Killer Cars

複数の乗り物に乗る経験をして思うこと。自動車は周囲を引っ掛けるのが怖くて、二輪車は突っ込まれたり制御できずに突っ込んだりするのが怖くて、自転車は周囲に引っ掛けられたり滑ったりするのが怖い。みんな違ってみんな怖い。誰かを殺してでも生き残りたいなら四輪車を、誰も殺したくないなら歩行者であることをおすすめする。自転車でもまだ危ない。電動アシスト付自転車やスポーツサイクルは特にそうだ。

「頑丈で何かにぶつかってもへっちゃらな無敵の車がいい」という人が世の中に案外いて驚く。設計上想定された範囲で壊れるということは、その分だけ衝撃のエナジーを消費しているということだ。だから、命が助かる可能性は上がる。「頑丈な車」は壊れない代わりに、乗員を衝撃で傷つけるか歩行者を切り裂いて殺すかのどちらかになる。自らをどうあっても無事な状態に置くということは、自分が一方的に傷つける側へ回るということ。
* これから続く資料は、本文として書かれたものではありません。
text \<open>With the integrating factor \<open>E(t) = exp (b (t - l) / \<epsilon>)\<close>, the function
\<open>w = E \<cdot> (y - c/b)\<close> has \<open>w' = E/\<epsilon> \<cdot> (\<epsilon> y' + b y - c)\<close>, so \<open>|w'|\<close> is dominated by the
derivative of \<open>\<phi> = M/b \<cdot> (E - 1)\<close>, and \<open>\<phi> \<plusminus> w\<close> are nondecreasing.\<close>

lemma frozen_ode_defect_bound:
  fixes y :: "real \<Rightarrow> real" and l r \<epsilon> b c M :: real
  assumes "l < r" "\<epsilon> > 0" "b > 0" and cont: "continuous_on {l..r} y"
    and defect: "\<forall>t\<in>{l<..<r}. \<exists>D. (y has_real_derivative D) (at t) \<and> \<bar>\<epsilon> * D + b * y t - c\<bar> \<le> M"
  shows "\<bar>y r - exp (- (b * (r - l) / \<epsilon>)) * y l - (1 - exp (- (b * (r - l) / \<epsilon>))) * (c / b)\<bar>
           \<le> M / b * (1 - exp (- (b * (r - l) / \<epsilon>)))"
proof -
  define E where "E t = exp (b * (t - l) / \<epsilon>)" for t
  define w where "w t = E t * (y t - c / b) - (y l - c / b)" for t
  define \<phi> where "\<phi> t = M / b * (E t - 1)" for t
  have E_deriv: "(E has_real_derivative E t * (b / \<epsilon>)) (at t)" for t
    unfolding E_def using \<open>\<epsilon> > 0\<close> by (auto intro!: derivative_eq_intros)
  have E_cont: "continuous_on {l..r} E"
    unfolding E_def using \<open>\<epsilon> > 0\<close> by (intro continuous_intros) auto
  have monotone: "\<phi> l + s * w l \<le> \<phi> r + s * w r" if s: "s = 1 \<or> s = -1" for s
  proof (rule DERIV_nonneg_imp_increasing_open[OF less_imp_le[OF \<open>l < r\<close>]])
    fix t assume "l < t" "t < r"
    then obtain D where D: "(y has_real_derivative D) (at t)" and bound: "\<bar>\<epsilon> * D + b * y t - c\<bar> \<le> M"
      using defect by (meson greaterThanLessThan_iff)
    have "((\<lambda>t. \<phi> t + s * w t) has_real_derivative
            M / b * (E t * (b / \<epsilon>)) + s * (E t * (b / \<epsilon>) * (y t - c / b) + E t * D)) (at t)"
      unfolding \<phi>_def w_def by (rule derivative_eq_intros E_deriv D refl)+ (simp add: algebra_simps)
    moreover have "M / b * (E t * (b / \<epsilon>)) + s * (E t * (b / \<epsilon>) * (y t - c / b) + E t * D)
        = E t / \<epsilon> * (M + s * (\<epsilon> * D + b * y t - c))"
      using \<open>\<epsilon> > 0\<close> \<open>b > 0\<close> by (simp add: field_simps)
    moreover have "M + s * (\<epsilon> * D + b * y t - c) \<ge> 0"
      using s bound by auto
    moreover have "E t > 0"
      by (simp add: E_def)
    ultimately show "\<exists>D'. ((\<lambda>t. \<phi> t + s * w t) has_real_derivative D') (at t) \<and> D' \<ge> 0"
      using \<open>\<epsilon> > 0\<close> by auto
  next
    show "continuous_on {l..r} (\<lambda>t. \<phi> t + s * w t)"
      unfolding \<phi>_def w_def using cont E_cont by (intro continuous_intros)
  qed
  have "\<phi> l = 0" "w l = 0"
    by (simp_all add: \<phi>_def w_def E_def)
  then have w_le: "\<bar>w r\<bar> \<le> \<phi> r"
    using monotone[of 1] monotone[of "-1"] by auto
  define q where "q = exp (- (b * (r - l) / \<epsilon>))"
  have qE: "q * E r = 1"
    by (simp add: q_def E_def flip: exp_add)
  have "q * w r = (q * E r) * (y r - c / b) - q * (y l - c / b)"
    unfolding w_def by (simp add: algebra_simps)
  also have "\<dots> = y r - q * y l - (1 - q) * (c / b)"
    using qE by (simp add: algebra_simps add_divide_distrib[symmetric])
  finally have "q * w r = y r - q * y l - (1 - q) * (c / b)" .
  moreover have "q * \<phi> r = M / b * (1 - q)"
    unfolding \<phi>_def using qE by (simp add: algebra_simps add_divide_distrib[symmetric])
  moreover have "\<bar>q * w r\<bar> \<le> q * \<phi> r"
    using w_le by (simp add: abs_mult q_def)
  ultimately show ?thesis
    by (simp add: q_def)
qed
そこまで考えが至らないのが普通なのだろうか。もちろん、その思いの反対側には、軽自動車を始めとする小型車のもろさに対する不安があるのだろうが。

しかし、いくら自分が安全だからといって、自転車や二輪車に対して、後ろにびたっとくっついたり、すぐ横を通過したりする人は、こっちがいきなり減速や転倒したりしないか、怖くないのだろうか。加害者としてみなされるのは自分なのに、積極的に安全マージンを削って一体何がしたいのだろう。

とはいえ、免許証を持っている以上は、所与の環境の中でどう適切に運転するかを身に着けているはずなのだ。そもそも安全に追い抜きできない道が悪い、整備状況が悪いと言ったところで、詮無いことだ。教習所だって周囲の流れを乱してまで法律を守ることへ固執するなと教えている。遅い運転者を煽らせ運転だと糾弾し、下手な運転者、ペーパードライバーやサンデードライバーは公共の敵としてネット上では蔑まれている。それがこの社会の総意なのだろう。安全で快適で効率的な環境は、多様性とは相容れない。皆が 普通 のドライバーになるまで言い争いは耐えない。

それでいうと、自転車は土地や道路整備の都合に合わせて、意図的に行政から曖昧な立ち位置へと追いやられてきたことが悲劇の始まりだ。シティサイクルとスポーツサイクルという走行スタイルも速度域も全く異なる乗り物が、同一の区分で括られていることも混乱に拍車をかけている。でも、免許もないのにヘルメット着用や保険加入を義務とするのならば、同じ理屈で、外を歩くことにも免許が必要だし保険加入や保護具が義務化されなければならないのでは? と思うときはある。なぜ私達は外を出歩けるのだろう、どうしてそれが許されるのだろうか。